好調の要因の1つに環境の変化をあげ、昨年11月の結婚発表後は「対局の時だけ将棋をしている状態だった」。棋士養成機関・奨励会に入った中学2年生以降は常に生活の中心に将棋があり「どこか罪悪感があった」というが、今回は盤や研究用のパソコンから離れる“休養”を選択。ゲームやマンガなど娯楽を楽しんだ。
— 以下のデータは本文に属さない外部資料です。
lemma exponent_p_subgroup_subset_V_or_M:
  assumes CHAR: "CHAR('k::{field,finite}) = p" and prime: "Factorial_Ring.prime p" and "odd p"
    and N: "subgroup N (S_Lambda p :: ('k \<times> _) monoid)"
    and killed: "\<And>x. x \<in> N \<Longrightarrow> x [^]\<^bsub>S_Lambda p :: ('k \<times> _) monoid\<^esub> p = \<one>\<^bsub>S_Lambda p :: ('k \<times> _) monoid\<^esub>"
  shows "N \<subseteq> V_sub p \<or> N \<subseteq> M_sub p"
proof (cases "\<exists>x\<in>N. fst x \<noteq> 0")
  case False
  then show ?thesis using subgroup.subset[OF N] by (force simp: V_sub_def S_Lambda_carrier)
next
  case True
  have order_p: "\<eta> (hmonom p 0) = 0" if "(c, \<eta>) \<in> N" "c \<noteq> 0" for c \<eta>
  proof -
    have "\<eta> \<in> Lambda p" using that(1) subgroup.subset[OF N] by (auto simp: S_Lambda_carrier)
    then show ?thesis
      using killed[OF that(1)] S_Lambda_pow_p_eq_one_iff[OF CHAR prime \<open>odd p\<close>] that(2) by simp
  qed
  obtain c \<eta> where x: "(c, \<eta>) \<in> N" "c \<noteq> 0" using True by auto
  \<comment> \<open>elements (0, \<xi>) of N are handled through the product (c, \<eta>)(0, \<xi>) = (c, \<eta> + \<xi>)\<close>
  have "N \<subseteq> M_sub p"
  proof
    fix y assume y: "y \<in> N"
    obtain d \<xi> where y_eq: "y = (d, \<xi>)" by (cases y)
    have \<eta>: "\<eta> \<in> Lambda p" and \<xi>: "\<xi> \<in> Lambda p"
      using x y y_eq subgroup.subset[OF N] by (auto simp: S_Lambda_carrier)
    have "\<xi> (hmonom p 0) = 0"
    proof (cases "d = 0")
      case False
      then show ?thesis using order_p[of d \<xi>] y y_eq by blast
    next
      case True
      have "(c, \<eta>) \<otimes>\<^bsub>S_Lambda p\<^esub> y \<in> N" using x(1) y subgroup.m_closed[OF N] by blast
      then have "(c, \<eta> + \<xi>) \<in> N" using True y_eq \<eta> by (simp add: S_Lambda_mult uact_0)
      then have "(\<eta> + \<xi>) (hmonom p 0) = 0" using x(2) by (rule order_p)
      then show ?thesis using order_p[OF x] by simp
    qed
    then show "y \<in> M_sub p" using y_eq \<xi> by (simp add: M_sub_def)
  qed
  then show ?thesis by blast
qed

lemma normal_index_exponent_p_subgroups:
  assumes CHAR: "CHAR('k::{field,finite}) = p" and prime: "Factorial_Ring.prime p" and "odd p"
  defines "S \<equiv> S_Lambda p :: ('k \<times> _) monoid"
  shows "{N. N \<lhd> S \<and> card (rcosets\<^bsub>S\<^esub> N) = card (UNIV :: 'k set) \<and> has_exponent S N p}
           = {V_sub p, M_sub p}"
proof
  show "{N. N \<lhd> S \<and> card (rcosets\<^bsub>S\<^esub> N) = card (UNIV :: 'k set) \<and> has_exponent S N p}
          \<subseteq> {V_sub p, M_sub p}"
  proof
    fix N assume "N \<in> {N. N \<lhd> S \<and> card (rcosets\<^bsub>S\<^esub> N) = card (UNIV :: 'k set) \<and> has_exponent S N p}"
    then have N: "N \<lhd> S" "card (rcosets\<^bsub>S\<^esub> N) = card (UNIV :: 'k set)" "has_exponent S N p"
      by simp_all
    have subgroup: "subgroup N S" using N(1) by (rule normal_imp_subgroup)
    have card_N: "card N = card (UNIV :: 'k set) ^ (p + 1)"
      using card_rcosets_S_Lambda_iff[OF subgroup[unfolded S_def]] N(2) by (simp add: S_def)
    have finite: "finite (V_sub p :: ('k \<times> _) set)" "finite (M_sub p :: ('k \<times> _) set)"
      by (auto simp: V_sub_eq_kernel M_sub_eq_kernel finite_carrier_S_Lambda)
    have "N \<subseteq> V_sub p \<or> N \<subseteq> M_sub p"
      using exponent_p_subgroup_subset_V_or_M[OF CHAR prime \<open>odd p\<close>] subgroup N(3)
      by (simp add: S_def has_exponent_def)
    then show "N \<in> {V_sub p, M_sub p}"
    proof (elim disjE)
      assume "N \<subseteq> V_sub p"
      then have "N = V_sub p"
        by (rule card_subset_eq[OF finite(1)]) (simp add: card_N card_V_sub)
      then show ?thesis by simp
    next
      assume "N \<subseteq> M_sub p"
      then have "N = M_sub p"
        by (rule card_subset_eq[OF finite(2)]) (simp add: card_N card_M_sub)
      then show ?thesis by simp
    qed
  qed
  show "{V_sub p, M_sub p}
          \<subseteq> {N. N \<lhd> S \<and> card (rcosets\<^bsub>S\<^esub> N) = card (UNIV :: 'k set) \<and> has_exponent S N p}"
  proof -
    have "card (rcosets\<^bsub>S\<^esub> (V_sub p)) = card (UNIV :: 'k set)"
      using card_rcosets_S_Lambda_iff[OF normal_imp_subgroup[OF V_sub_normal]] card_V_sub
      unfolding S_def by blast
    moreover have "card (rcosets\<^bsub>S\<^esub> (M_sub p)) = card (UNIV :: 'k set)"
      using card_rcosets_S_Lambda_iff[OF normal_imp_subgroup[OF M_sub_normal]] card_M_sub
      unfolding S_def by blast
    ultimately show ?thesis
      using V_sub_normal M_sub_normal has_exponent_V_sub[OF assms(1-3)] has_exponent_M_sub[OF assms(1-3)]
      unfolding S_def by blast
  qed
qed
 直近の女流棋戦では10戦9勝と強さを見せる西山は「将棋の内容は落ちたけど、気持ちよく盤に向かえていた」と変化を語った。12日には女流王位戦挑戦者決定リーグが控え、その後も対局は続く。それでも「対局のペースが2月は速いけど、あまり意識しないようにしている。割とゆったりすごして、対局が近くなったら準備していきたい」。西山が新たに見つけたスタイルでこれからも進んでいく。(中西 珠友)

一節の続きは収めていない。